IW: Yes, about a quarter of the books we helped with are in English. And there are some exciting titles with continued value. I could mention Gísli Gunnarsson’s Monopoly Trade and Economic Stagnation, which is an important economic history of Iceland during the seventeenth and eighteenth centuries; Halldór Ármann Sigurðsson’s Verbal Syntax and Case in Icelandic, a book from the 1980s that is much-cited by linguists; and Hildigunnur Ólafsdóttir’s Alcoholics Anonymous in Iceland, which is a fascinating anthropological study of alcohol consumption in the far north. You’ll find all these and more in HathiTrust.
AuAll: What hard-earned advice would you offer to authors looking to open up access to their works?
IW: Do it now. It is much easier for you to open up access to your own work now, in your own lifetime, than it will be for your literary heirs after your death. This is doubly true if you published a co-authored work. Get in touch with the other authors now and decide what you want to do with it. This is your legacy; if you choose to share it, take pride in your generosity.
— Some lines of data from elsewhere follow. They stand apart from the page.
lemma lagrangian_convex_combination_le:
  fixes f h :: "real^'n \<Rightarrow> ereal" and g :: "real^'m \<Rightarrow> ereal" and A :: "real^'n^'m"
  assumes f: "convex_fun f" and h: "convex_fun h" and fh: "proper_fun (\<lambda>y. f y + h y)"
    and w: "finite I" "sum w I = 1" "\<And>i. i \<in> I \<Longrightarrow> 0 \<le> w i"
    and fin: "\<And>i. i \<in> I \<Longrightarrow> \<bar>f (xs i)\<bar> \<noteq> \<infinity> \<and> \<bar>h (xs i)\<bar> \<noteq> \<infinity>"
    and Gz: "\<bar>conjugate g z\<bar> \<noteq> \<infinity>"
  shows "lagrangian f h g A (\<Sum>i\<in>I. w i *\<^sub>R xs i) z
         \<le> ereal (\<Sum>i\<in>I. w i * real_of_ereal (lagrangian f h g A (xs i) z))"
proof -
  define x where "x = (\<Sum>i\<in>I. w i *\<^sub>R xs i)"
  have fx: "f x \<le> ereal (\<Sum>i\<in>I. w i * real_of_ereal (f (xs i)))"
    unfolding x_def by (intro convex_fun_le_sum[OF f w]) (use fin in \<open>auto simp: ereal_real'\<close>)
  have hx: "h x \<le> ereal (\<Sum>i\<in>I. w i * real_of_ereal (h (xs i)))"
    unfolding x_def by (intro convex_fun_le_sum[OF h w]) (use fin in \<open>auto simp: ereal_real'\<close>)
  have "f x < \<infinity>" "h x < \<infinity>" using fx hx le_less_trans by fastforce+
  then have fin_x: "\<bar>f x\<bar> \<noteq> \<infinity>" "\<bar>h x\<bar> \<noteq> \<infinity>" by (rule proper_fun_add_finite[OF fh])+
  then have le: "real_of_ereal (f x) \<le> (\<Sum>i\<in>I. w i * real_of_ereal (f (xs i)))"
    "real_of_ereal (h x) \<le> (\<Sum>i\<in>I. w i * real_of_ereal (h (xs i)))"
    using fx hx by (cases "f x"; cases "h x"; simp)+
  have "lagrangian f h g A x z = ereal (real_of_ereal (f x) + real_of_ereal (h x)
      + z \<bullet> (A *v x) - real_of_ereal (conjugate g z))"
    using fin_x Gz by (intro lagrangian_eq_ereal) (simp_all add: ereal_real')
  also have "\<dots> \<le> ereal ((\<Sum>i\<in>I. w i * real_of_ereal (f (xs i)))
      + (\<Sum>i\<in>I. w i * real_of_ereal (h (xs i))) + z \<bullet> (A *v x) - real_of_ereal (conjugate g z))"
    using le by simp
  also have "\<dots> = ereal (\<Sum>i\<in>I. w i * real_of_ereal (lagrangian f h g A (xs i) z))"
  proof -
    have "lagrangian f h g A (xs i) z = ereal (real_of_ereal (f (xs i)) + real_of_ereal (h (xs i))
        + z \<bullet> (A *v xs i) - real_of_ereal (conjugate g z))" if "i \<in> I" for i
      using fin[OF that] Gz by (intro lagrangian_eq_ereal) (simp_all add: ereal_real')
    moreover have "z \<bullet> (A *v x) = (\<Sum>i\<in>I. w i * (z \<bullet> (A *v xs i)))"
      unfolding x_def
      by (simp add: matrix_vector_mult_scaleR inner_sum_right linear_sum[OF matrix_vector_mul_linear])
    ultimately show ?thesis
      using w(2) by (simp add: algebra_simps sum.distrib sum_subtractf flip: sum_distrib_right)
  qed
  finally show ?thesis unfolding x_def .
qed

lemma lagrangian_concave_combination_ge:
  fixes f h :: "real^'n \<Rightarrow> ereal" and g :: "real^'m \<Rightarrow> ereal" and A :: "real^'n^'m"
  assumes g: "proper_fun g"
    and w: "finite I" "sum w I = 1" "\<And>i. i \<in> I \<Longrightarrow> 0 \<le> w i"
    and fin: "\<And>i. i \<in> I \<Longrightarrow> \<bar>conjugate g (zs i)\<bar> \<noteq> \<infinity>"
    and fx: "\<bar>f x\<bar> \<noteq> \<infinity>" and hx: "\<bar>h x\<bar> \<noteq> \<infinity>"
  shows "ereal (\<Sum>i\<in>I. w i * real_of_ereal (lagrangian f h g A x (zs i)))
         \<le> lagrangian f h g A x (\<Sum>i\<in>I. w i *\<^sub>R zs i)"
proof -
  define z where "z = (\<Sum>i\<in>I. w i *\<^sub>R zs i)"
  have Gz: "conjugate g z \<le> ereal (\<Sum>i\<in>I. w i * real_of_ereal (conjugate g (zs i)))"
    unfolding z_def
    by (intro convex_fun_le_sum[OF convex_fun_conjugate[OF g] w]) (use fin in \<open>auto simp: ereal_real'\<close>)
  then have fin_z: "\<bar>conjugate g z\<bar> \<noteq> \<infinity>"
    using conjugate_neq_MInfty[OF g, of z] by auto
  have "ereal (\<Sum>i\<in>I. w i * real_of_ereal (lagrangian f h g A x (zs i)))
      = ereal (real_of_ereal (f x) + real_of_ereal (h x) + z \<bullet> (A *v x)
               - (\<Sum>i\<in>I. w i * real_of_ereal (conjugate g (zs i))))"
  proof -
    have "lagrangian f h g A x (zs i) = ereal (real_of_ereal (f x) + real_of_ereal (h x)
        + zs i \<bullet> (A *v x) - real_of_ereal (conjugate g (zs i)))" if "i \<in> I" for i
      using fin[OF that] fx hx by (intro lagrangian_eq_ereal) (simp_all add: ereal_real')
    moreover have "z \<bullet> (A *v x) = (\<Sum>i\<in>I. w i * (zs i \<bullet> (A *v x)))"
      unfolding z_def by (simp add: inner_sum_left)
    ultimately show ?thesis
      using w(2) by (simp add: algebra_simps sum.distrib sum_subtractf flip: sum_distrib_right)
  qed
  also have "\<dots> \<le> ereal (real_of_ereal (f x) + real_of_ereal (h x) + z \<bullet> (A *v x)
                         - real_of_ereal (conjugate g z))"
    using Gz fin_z by (cases "conjugate g z") auto
  also have "\<dots> = lagrangian f h g A x z"
    using fx hx fin_z by (intro lagrangian_eq_ereal[symmetric]) (simp_all add: ereal_real')
  finally show ?thesis unfolding z_def .
qed

lemma lagrangian_gap_convex_combination_le:
  fixes f h :: "real^'n \<Rightarrow> ereal" and g :: "real^'m \<Rightarrow> ereal" and A :: "real^'n^'m"
  assumes "convex_fun f" "convex_fun h" "proper_fun (\<lambda>y. f y + h y)" "proper_fun g"
    and "finite I" "sum w I = 1" "\<And>i. i \<in> I \<Longrightarrow> 0 \<le> w i"
    and "\<And>i. i \<in> I \<Longrightarrow> \<bar>f (xs i)\<bar> \<noteq> \<infinity> \<and> \<bar>h (xs i)\<bar> \<noteq> \<infinity> \<and> \<bar>conjugate g (zs i)\<bar> \<noteq> \<infinity>"
    and "\<bar>f x\<bar> \<noteq> \<infinity>" "\<bar>h x\<bar> \<noteq> \<infinity>" "\<bar>conjugate g z\<bar> \<noteq> \<infinity>"
  shows "lagrangian f h g A (\<Sum>i\<in>I. w i *\<^sub>R xs i) z - lagrangian f h g A x (\<Sum>i\<in>I. w i *\<^sub>R zs i)
    \<le> ereal (\<Sum>i\<in>I. w i * (real_of_ereal (lagrangian f h g A (xs i) z)
                               - real_of_ereal (lagrangian f h g A x (zs i))))"
proof -
  have "lagrangian f h g A (\<Sum>i\<in>I. w i *\<^sub>R xs i) z - lagrangian f h g A x (\<Sum>i\<in>I. w i *\<^sub>R zs i)
    \<le> ereal (\<Sum>i\<in>I. w i * real_of_ereal (lagrangian f h g A (xs i) z))
       - ereal (\<Sum>i\<in>I. w i * real_of_ereal (lagrangian f h g A x (zs i)))"
    using assms
    by (intro ereal_minus_mono lagrangian_convex_combination_le lagrangian_concave_combination_ge) auto
  then show ?thesis by (simp add: right_diff_distrib sum_subtractf)
qed

(* Both algorithms are a primal and a dual Bregman proximal step, each evaluated at a point
   zeta or xi of the other variable, possibly extrapolated; the two differ only in the sign s
   of the resulting coupling term. *)
lemma condat_vu_iteration_cases:
  assumes "(\<forall>j. xs (Suc j) = bprox F phip gphip (xs j)
                             (\<tau> *\<^sub>R (transpose A *v zs j) + \<tau> *\<^sub>R gh (xs j)) \<and>
            zs (Suc j) = bprox G phid gphid (zs j)
                             (- (\<sigma> *\<^sub>R (A *v (2 *\<^sub>R xs (Suc j) - xs j)))))
       \<or>
       (\<forall>j. zs (Suc j) = bprox G phid gphid (zs j)
                             (- (\<sigma> *\<^sub>R (A *v xs j))) \<and>
            xs (Suc j) = bprox F phip gphip (xs j)
                             (\<tau> *\<^sub>R (transpose A *v (2 *\<^sub>R zs (Suc j) - zs j)) + \<tau> *\<^sub>R gh (xs j)))"
  obtains \<zeta> \<xi> and s :: real where
    "\<And>j. xs (Suc j) = bprox F phip gphip (xs j) (\<tau> *\<^sub>R (transpose A *v \<zeta> j + gh (xs j)))"
    "\<And>j. zs (Suc j) = bprox G phid gphid (zs j) (- (\<sigma> *\<^sub>R (A *v \<xi> j)))"
    "\<And>j. s = 1 \<and> \<zeta> j = zs j \<and> \<xi> j = 2 *\<^sub>R xs (Suc j) - xs j
        \<or> s = -1 \<and> \<zeta> j = 2 *\<^sub>R zs (Suc j) - zs j \<and> \<xi> j = xs j"
  using assms
  by (elim disjE)
    ((rule that[where \<zeta>="\<lambda>j. zs j" and \<xi>="\<lambda>j. 2 *\<^sub>R xs (Suc j) - xs j" and s=1];
       simp add: scaleR_right_distrib),
     (rule that[where \<zeta>="\<lambda>j. 2 *\<^sub>R zs (Suc j) - zs j" and \<xi>="\<lambda>j. xs j" and s="-1"];
       simp add: scaleR_right_distrib))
Also, I have some advice for the minority of scholarly authors who hesitate to open access to their work because, somewhere deep down, they still have a spark of hope that their old work will be “discovered,” get on the best-seller list decades after publication, go viral, and bring them everlasting fame and fortune. And I have the same advice for the ones who say “No, I don’t want to release this for free, because I am going to revise it and submit a second edition to another publisher.” I suggest taking a really hard, realistic look at your own priorities and at a text’s sales prospects. Hope springs eternal, but keep your expectations of the scholarly marketplace reasonable. Competition is stiff, including from an ever-growing number of freely available works.
Ian Watson (www.ianwatson.org) teaches in the media and interaction design programs at the Norwegian University of Science and Technology. He previously lived and taught in Iceland. He also works as a writer and editor for genealogical publishers.